## What to do
Produce a verbatim copy of the entries listed below.

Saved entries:
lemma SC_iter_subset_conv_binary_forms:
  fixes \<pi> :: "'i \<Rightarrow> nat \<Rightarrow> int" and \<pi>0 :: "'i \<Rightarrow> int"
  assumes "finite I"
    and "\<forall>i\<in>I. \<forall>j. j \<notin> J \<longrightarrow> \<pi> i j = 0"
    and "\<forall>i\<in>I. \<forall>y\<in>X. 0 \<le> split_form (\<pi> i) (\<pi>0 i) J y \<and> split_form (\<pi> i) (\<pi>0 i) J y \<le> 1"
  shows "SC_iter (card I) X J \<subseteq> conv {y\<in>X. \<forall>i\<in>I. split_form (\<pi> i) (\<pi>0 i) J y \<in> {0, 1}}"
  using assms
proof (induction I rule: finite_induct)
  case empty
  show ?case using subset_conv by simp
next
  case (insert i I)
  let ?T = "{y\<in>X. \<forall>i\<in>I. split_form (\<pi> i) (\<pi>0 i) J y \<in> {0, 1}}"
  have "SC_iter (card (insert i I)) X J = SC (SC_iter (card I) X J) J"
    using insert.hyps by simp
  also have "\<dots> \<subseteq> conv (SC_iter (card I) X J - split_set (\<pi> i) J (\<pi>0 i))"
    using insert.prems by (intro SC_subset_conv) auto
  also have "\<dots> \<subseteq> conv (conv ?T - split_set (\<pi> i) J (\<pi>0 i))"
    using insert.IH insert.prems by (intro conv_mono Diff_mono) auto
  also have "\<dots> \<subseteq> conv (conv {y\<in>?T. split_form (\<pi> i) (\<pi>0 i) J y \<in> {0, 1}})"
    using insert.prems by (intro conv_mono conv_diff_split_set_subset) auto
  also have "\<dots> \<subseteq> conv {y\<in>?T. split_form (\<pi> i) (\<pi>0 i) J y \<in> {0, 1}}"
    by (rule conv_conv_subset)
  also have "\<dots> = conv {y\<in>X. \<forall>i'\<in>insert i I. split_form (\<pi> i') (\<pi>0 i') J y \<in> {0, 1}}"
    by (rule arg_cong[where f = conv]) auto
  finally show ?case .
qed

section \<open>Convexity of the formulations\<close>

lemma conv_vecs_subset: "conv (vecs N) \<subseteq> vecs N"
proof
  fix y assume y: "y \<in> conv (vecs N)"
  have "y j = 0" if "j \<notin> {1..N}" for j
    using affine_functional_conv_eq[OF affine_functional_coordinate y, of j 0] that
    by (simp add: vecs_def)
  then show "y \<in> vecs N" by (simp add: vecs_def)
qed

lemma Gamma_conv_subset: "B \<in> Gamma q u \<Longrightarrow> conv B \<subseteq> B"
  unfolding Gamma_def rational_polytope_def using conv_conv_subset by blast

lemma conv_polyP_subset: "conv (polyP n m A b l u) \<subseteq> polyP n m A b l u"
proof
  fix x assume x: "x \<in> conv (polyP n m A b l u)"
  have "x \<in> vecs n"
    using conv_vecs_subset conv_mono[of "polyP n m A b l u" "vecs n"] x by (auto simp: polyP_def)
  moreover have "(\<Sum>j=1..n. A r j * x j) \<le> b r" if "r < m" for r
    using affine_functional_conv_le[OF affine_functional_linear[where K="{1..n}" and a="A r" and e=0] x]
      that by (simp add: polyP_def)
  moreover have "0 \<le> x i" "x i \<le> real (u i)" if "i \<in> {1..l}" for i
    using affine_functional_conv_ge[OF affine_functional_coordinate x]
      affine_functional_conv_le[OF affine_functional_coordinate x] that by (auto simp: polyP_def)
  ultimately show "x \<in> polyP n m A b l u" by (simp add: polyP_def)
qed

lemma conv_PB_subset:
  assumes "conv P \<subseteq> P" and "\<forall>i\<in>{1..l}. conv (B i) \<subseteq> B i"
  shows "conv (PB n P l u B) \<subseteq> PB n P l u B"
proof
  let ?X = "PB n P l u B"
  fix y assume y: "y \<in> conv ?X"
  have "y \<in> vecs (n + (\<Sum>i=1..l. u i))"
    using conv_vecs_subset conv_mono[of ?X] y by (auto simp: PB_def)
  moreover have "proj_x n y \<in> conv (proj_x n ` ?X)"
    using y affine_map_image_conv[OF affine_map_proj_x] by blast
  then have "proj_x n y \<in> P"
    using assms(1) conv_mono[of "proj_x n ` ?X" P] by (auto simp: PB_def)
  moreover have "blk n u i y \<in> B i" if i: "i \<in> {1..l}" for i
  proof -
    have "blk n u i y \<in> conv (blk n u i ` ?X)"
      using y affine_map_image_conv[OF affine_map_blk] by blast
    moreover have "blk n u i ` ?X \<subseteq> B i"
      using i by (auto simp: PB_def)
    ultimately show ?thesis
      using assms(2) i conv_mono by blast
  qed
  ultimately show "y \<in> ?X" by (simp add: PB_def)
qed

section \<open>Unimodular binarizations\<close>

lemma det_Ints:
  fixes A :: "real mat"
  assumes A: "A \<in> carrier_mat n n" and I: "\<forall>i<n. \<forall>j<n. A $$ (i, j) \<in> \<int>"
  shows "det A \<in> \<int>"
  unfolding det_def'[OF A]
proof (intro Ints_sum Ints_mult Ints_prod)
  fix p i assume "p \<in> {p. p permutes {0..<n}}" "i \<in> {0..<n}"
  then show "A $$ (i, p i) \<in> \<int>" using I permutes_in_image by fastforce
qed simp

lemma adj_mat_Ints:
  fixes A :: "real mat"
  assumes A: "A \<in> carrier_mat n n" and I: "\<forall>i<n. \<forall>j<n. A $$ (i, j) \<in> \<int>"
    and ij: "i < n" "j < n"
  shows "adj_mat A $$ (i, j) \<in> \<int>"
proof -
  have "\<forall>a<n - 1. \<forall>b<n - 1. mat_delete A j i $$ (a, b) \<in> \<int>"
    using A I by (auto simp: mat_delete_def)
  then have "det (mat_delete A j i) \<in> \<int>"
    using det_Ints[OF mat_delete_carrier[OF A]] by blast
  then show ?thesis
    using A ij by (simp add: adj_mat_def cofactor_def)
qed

## Exercise output
lemma SC_iter_subset_conv_binary_forms:
  fixes \<pi> :: "'i \<Rightarrow> nat \<Rightarrow> int" and \<pi>0 :: "'i \<Rightarrow> int"
  assumes "finite I"
    and "\<forall>i\<in>I. \<forall>j. j \<notin> J \<longrightarrow> \<pi> i j = 0"
    and "\<forall>i\<in>I. \<forall>y\<in>X. 0 \<le> split_form (\<pi> i) (\<pi>0 i) J y \<and> split_form (\<pi> i) (\<pi>0 i) J y \<le> 1"
  shows "SC_iter (card I) X J \<subseteq> conv {y\<in>X. \<forall>i\<in>I. split_form (\<pi> i) (\<pi>0 i) J y \<in> {0, 1}}"
  using assms
proof (induction I rule: finite_induct)
  case empty
  show ?case using subset_conv by simp
next
  case (insert i I)
  let ?T = "{y\<in>X. \<forall>i\<in>I. split_form (\<pi> i) (\<pi>0 i) J y \<in> {0, 1}}"
  have "SC_iter (card (insert i I)) X J = SC (SC_iter (card I) X J) J"
    using insert.hyps by simp
  also have "\<dots> \<subseteq> conv (SC_iter (card I) X J - split_set (\<pi> i) J (\<pi>0 i))"
    using insert.prems by (intro SC_subset_conv) auto
  also have "\<dots> \<subseteq> conv (conv ?T - split_set (\<pi> i) J (\<pi>0 i))"
    using insert.IH insert.prems by (intro conv_mono Diff_mono) auto
  also have "\<dots> \<subseteq> conv (conv {y\<in>?T. split_form (\<pi> i) (\<pi>0 i) J y \<in> {0, 1}})"
    using insert.prems by (intro conv_mono conv_diff_split_set_subset) auto
  also have "\<dots> \<subseteq> conv {y\<in>?T. split_form (\<pi> i) (\<pi>0 i) J y \<in> {0, 1}}"
    by (rule conv_conv_subset)
  also have "\<dots> = conv {y\<in>X. \<forall>i'\<in>insert i I. split_form (\<pi> i') (\<pi>0 i') J y \<in> {0, 1}}"
    by (rule arg_cong[where f = conv]) auto
  finally show ?case .
qed

section \<open>Convexity of the formulations\<close>

lemma conv_vecs_subset: "conv (vecs N) \<subseteq> vecs N"
proof
  fix y assume y: "y \<in> conv (vecs N)"
  have "y j = 0" if "j \<notin> {1..N}" for j
    using affine_functional_conv_eq[OF affine_functional_coordinate y, of j 0] that
    by (simp add: vecs_def)
  then show "y \<in> vecs N" by (simp add: vecs_def)
qed

lemma Gamma_conv_subset: "B \<in> Gamma q u \<Longrightarrow> conv B \<subseteq> B"
  unfolding Gamma_def rational_polytope_def using conv_conv_subset by blast

lemma conv_polyP_subset: "conv (polyP n m A b l u) \<subseteq> polyP n m A b l u"
proof
  fix x assume x: "x \<in> conv (polyP n m A b l u)"
  have "x \<in> vecs n"
    using conv_vecs_subset conv_mono[of "polyP n m A b l u" "vecs n"] x by (auto simp: polyP_def)
  moreover have "(\<Sum>j=1..n. A r j * x j) \<le> b r" if "r < m" for r
    using affine_functional_conv_le[OF affine_functional_linear[where K="{1..n}" and a="A r" and e=0] x]
      that by (simp add: polyP_def)
  moreover have "0 \<le> x i" "x i \<le> real (u i)" if "i \<in> {1..l}" for i
    using affine_functional_conv_ge[OF affine_functional_coordinate x]
      affine_functional_conv_le[OF affine_functional_coordinate x] that by (auto simp: polyP_def)
  ultimately show "x \<in> polyP n m A b l u" by (simp add: polyP_def)
qed

lemma conv_PB_subset:
  assumes "conv P \<subseteq> P" and "\<forall>i\<in>{1..l}. conv (B i) \<subseteq> B i"
  shows "conv (PB n P l u B) \<subseteq> PB n P l u B"
proof
  let ?X = "PB n P l u B"
  fix y assume y: "y \<in> conv ?X"
  have "y \<in> vecs (n + (\<Sum>i=1..l. u i))"
    using conv_vecs_subset conv_mono[of ?X] y by (auto simp: PB_def)
  moreover have "proj_x n y \<in> conv (proj_x n ` ?X)"
    using y affine_map_image_conv[OF affine_map_proj_x] by blast
  then have "proj_x n y \<in> P"
    using assms(1) conv_mono[of "proj_x n ` ?X" P] by (auto simp: PB_def)
  moreover have "blk n u i y \<in> B i" if i: "i \<in> {1..l}" for i
  proof -
    have "blk n u i y \<in> conv (blk n u i ` ?X)"
      using y affine_map_image_conv[OF affine_map_blk] by blast
    moreover have "blk n u i ` ?X \<subseteq> B i"
      using i by (auto simp: PB_def)
    ultimately show ?thesis
      using assms(2) i conv_mono by blast
  qed
  ultimately show "y \<in> ?X" by (simp add: PB_def)
qed

section \<open>Unimodular binarizations\<close>

lemma det_Ints:
  fixes A :: "real mat"
  assumes A: "A \<in> carrier_mat n n" and I: "\<forall>i<n. \<forall>j<n. A $$ (i, j) \<in> \<int>"
  shows "det A \<in> \<int>"
  unfolding det_def'[OF A]
proof (intro Ints_sum Ints_mult Ints_prod)
  fix p i assume "p \<in> {p. p permutes {0..<n}}" "i \<in> {0..<n}"
  then show "A $$ (i, p i) \<in> \<int>" using I permutes_in_image by fastforce
qed simp

lemma adj_mat_Ints:
  fixes A :: "real mat"
  assumes A: "A \<in> carrier_mat n n" and I: "\<forall>i<n. \<forall>j<n. A $$ (i, j) \<in> \<int>"
    and ij: "i < n" "j < n"
  shows "adj_mat A $$ (i, j) \<in> \<int>"
proof -
  have "\<forall>a<n - 1. \<forall>b<n - 1. mat_delete A j i $$ (a, b) \<in> \<int>"
    using A I by (auto simp: mat_delete_def)
  then have "det (mat_delete A j i) \<in> \<int>"
    using det_Ints[OF mat_delete_carrier[OF A]] by blast
  then show ?thesis
    using A ij by (simp add: adj_mat_def cofactor_def)
qed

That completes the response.